[[ Provided records open ]]

lemma sum_le_pow2_if_le_sum_above:
  fixes y :: "'a::linorder \<Rightarrow> real"
  assumes "finite I" "\<And>k. k \<in> I \<Longrightarrow> y k \<le> A + (\<Sum>l\<in>{l\<in>I. k < l}. y l)"
  shows "(\<Sum>k\<in>I. y k) \<le> (2 ^ card I - 1) * A"
  using assms
proof (induction I rule: finite_linorder_min_induct)
  case empty
  then show ?case by simp
next
  case (insert b I)
  have "{l \<in> insert b I. k < l} = {l \<in> I. k < l}" if "k \<in> I" for k
    using insert.hyps that by auto
  then have IH: "(\<Sum>k\<in>I. y k) \<le> (2 ^ card I - 1) * A"
    using insert.prems by (intro insert.IH) force
  have "{l \<in> insert b I. b < l} = I" using insert.hyps by auto
  then have "y b \<le> A + (\<Sum>l\<in>I. y l)" using insert.prems[of b] by simp
  moreover have "b \<notin> I" using insert.hyps by auto
  ultimately show ?case using IH insert.hyps(1) by (simp add: algebra_simps)
qed

lemma norm_pivot_mult_le:
  fixes e c :: "'a \<Rightarrow> complex"
  assumes "finite T" "b\<^sub>0 \<in> T" "cmod (\<Sum>b\<in>T. e b * c b) \<le> \<eta>"
    and "\<And>b. b \<in> T - {b\<^sub>0} \<Longrightarrow> cmod (e b) * cmod (c b) \<le> \<omega> b"
  shows "cmod (e b\<^sub>0) * cmod (c b\<^sub>0) \<le> \<eta> + (\<Sum>b\<in>T - {b\<^sub>0}. \<omega> b)"
proof -
  have "cmod (e b\<^sub>0 * c b\<^sub>0) \<le> cmod (\<Sum>b\<in>T. e b * c b) + cmod (\<Sum>b\<in>T - {b\<^sub>0}. e b * c b)"
    using norm_triangle_ineq4[of "\<Sum>b\<in>T. e b * c b" "\<Sum>b\<in>T - {b\<^sub>0}. e b * c b"] assms(1,2)
    by (simp add: sum.remove)
  also have "cmod (\<Sum>b\<in>T - {b\<^sub>0}. e b * c b) \<le> (\<Sum>b\<in>T - {b\<^sub>0}. cmod (e b) * cmod (c b))"
    by (rule order.trans[OF norm_sum]) (simp add: norm_mult)
  also have "\<dots> \<le> (\<Sum>b\<in>T - {b\<^sub>0}. \<omega> b)"
    using assms(4) by (rule sum_mono)
  finally show ?thesis using assms(3) by (simp add: norm_mult)
qed
(* Let $f:\mathcal{P}_2(H)\to U$ and $X_0\in L^2(\Omega,H)$ with $\mathcal{L}(X_0)=\sum_{k=1}^Np_k\delta_{x_k}$, where $x_1,\dots,x_N\in H$ are distinct and $p_k>0$, $\sum_kp_k=1$. Assume the lift $\hat f(X)=f(\mathcal{L}(X))$ is Fréchet differentiable at $X_0$ with $D\hat f(X_0)\in\Lambda_2^{\mathbb{P}}(H,U)$. Then for every $k$, every $A\in\mathcal{F}$ and $u\in H$, $$D\hat f(X_0)(\mathbf{1}_{A\cap\{X_0=x_k\}}u)=\mathbb{P}(A\mid X_0=x_k)\,D\hat f(X_0)(\mathbf{1}_{\{X_0=x_k\}}u).$$
   Context: $(\Omega,\mathcal{F},\mathbb{P})$ is a complete atomless probability space, $\Omega$ Polish with Borel $\sigma$-field; $H,U$ separable real Hilbert spaces. $\mathbb{P}(A\mid X_0=x_k)=\mathbb{P}(A\cap\{X_0=x_k\})/p_k$. For bounded linear $L:L^2(\Omega,H)\to U$, $|\!|\!|L|\!|\!|_{2,\mathbb{P}}:=\sup\{\sum_i\|L(\mathbf{1}_{A_i}x_i)\|_U:A_i\in\mathcal{F}$ pairwise disjoint, $x_i\in H$, $\mathbb{E}\|\sum_i\mathbf{1}_{A_i}x_i\|_H^2\le1\}$, and $\Lambda_2^{\mathbb{P}}(H,U)$ is the set of such $L$ with finite norm. *)

theory Defs
  imports "HOL-Probability.Probability"
begin

definition atomless :: "'w measure \<Rightarrow> bool" where
  "atomless M \<longleftrightarrow> (\<forall>A\<in>sets M. 0 < measure M A \<longrightarrow>
      (\<exists>B\<in>sets M. B \<subseteq> A \<and> 0 < measure M B \<and> measure M B < measure M A))"

definition L2 :: "'w measure \<Rightarrow> ('w \<Rightarrow> 'h::{real_normed_vector, second_countable_topology}) set" where
  "L2 M = {X. X \<in> borel_measurable M \<and> integrable M (\<lambda>w. (norm (X w))\<^sup>2)}"

definition L2norm :: "'w measure \<Rightarrow> ('w \<Rightarrow> 'h::real_normed_vector) \<Rightarrow> real" where
  "L2norm M X = sqrt (\<integral>w. (norm (X w))\<^sup>2 \<partial>M)"

text \<open>Bounded linear maps L^2(Omega,H) -> U, given on representatives
  (well defined on a.e.-classes).\<close>
definition bounded_linear_L2 ::
  "'w measure \<Rightarrow> (('w \<Rightarrow> 'h::{real_normed_vector, second_countable_topology}) \<Rightarrow> 'u::real_normed_vector) \<Rightarrow> bool" where
  "bounded_linear_L2 M L \<longleftrightarrow>
     (\<forall>X\<in>L2 M. \<forall>Y\<in>L2 M. L (\<lambda>w. X w + Y w) = L X + L Y) \<and>
     (\<forall>X\<in>L2 M. \<forall>c::real. L (\<lambda>w. c *\<^sub>R X w) = c *\<^sub>R L X) \<and>
     (\<forall>X\<in>L2 M. \<forall>Y\<in>L2 M. (AE w in M. X w = Y w) \<longrightarrow> L X = L Y) \<and>
     (\<exists>C. \<forall>X\<in>L2 M. norm (L X) \<le> C * L2norm M X)"

definition frechet_L2 ::
  "'w measure \<Rightarrow> (('w \<Rightarrow> 'h::{real_normed_vector, second_countable_topology}) \<Rightarrow> 'u::real_normed_vector)
     \<Rightarrow> ('w \<Rightarrow> 'h) \<Rightarrow> (('w \<Rightarrow> 'h) \<Rightarrow> 'u) \<Rightarrow> bool" where
  "frechet_L2 M F X0 L \<longleftrightarrow> X0 \<in> L2 M \<and> bounded_linear_L2 M L \<and>
     (\<forall>e>0. \<exists>d>0. \<forall>X\<in>L2 M. L2norm M (\<lambda>w. X w - X0 w) < d \<longrightarrow>
        norm (F X - F X0 - L (\<lambda>w. X w - X0 w)) \<le> e * L2norm M (\<lambda>w. X w - X0 w))"

text \<open>Membership in Lambda_2^P(H,U): finiteness of the triple norm
  (supremum over finite families of pairwise disjoint events).\<close>
definition Lambda2 ::
  "'w measure \<Rightarrow> (('w \<Rightarrow> 'h::{real_normed_vector, second_countable_topology}) \<Rightarrow> 'u::real_normed_vector) \<Rightarrow> bool" where
  "Lambda2 M L \<longleftrightarrow> bounded_linear_L2 M L \<and>
     (\<exists>C. \<forall>n::nat. \<forall>A::nat \<Rightarrow> 'w set. \<forall>x::nat \<Rightarrow> 'h.
        (\<forall>i<n. A i \<in> sets M) \<and> disjoint_family_on A {..<n} \<and>
        (\<integral>w. (norm (\<Sum>i<n. indicator (A i) w *\<^sub>R x i))\<^sup>2 \<partial>M) \<le> 1 \<longrightarrow>
        (\<Sum>i<n. norm (L (\<lambda>w. indicator (A i) w *\<^sub>R x i))) \<le> C)"

end

(* For B inside the atom C = {X0 = x k}, the law of X0 + t 1_B u depends on B only through
   P(B).  A derivative of X \<mapsto> f (law X) only sees laws, so comparing directional derivatives
   shows that L (1_B u) = \<phi> (P B) for some function \<phi>.  As M is atomless, every value in
   [0, p k] is the probability of some B \<subseteq> C; hence \<phi> is additive on [0, p k], and boundedness
   of L gives norm (\<phi> s) \<le> K sqrt s.  An additive function on an interval with this bound is
   linear, \<phi> s = (s / p k) \<phi> (p k), which is the claim for B = A \<inter> C. *)

theory Submission
  imports Defs
begin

[[ Provided records closed ]]

__Aim of the task__:
Set the lines down exactly, from the first line of the records to the line where "proof (induction I" appears, with both ends kept.

__Solved exercise__:
lemma sum_le_pow2_if_le_sum_above:
  fixes y :: "'a::linorder \<Rightarrow> real"
  assumes "finite I" "\<And>k. k \<in> I \<Longrightarrow> y k \<le> A + (\<Sum>l\<in>{l\<in>I. k < l}. y l)"
  shows "(\<Sum>k\<in>I. y k) \<le> (2 ^ card I - 1) * A"
  using assms
proof (induction I rule: finite_linorder_min_induct)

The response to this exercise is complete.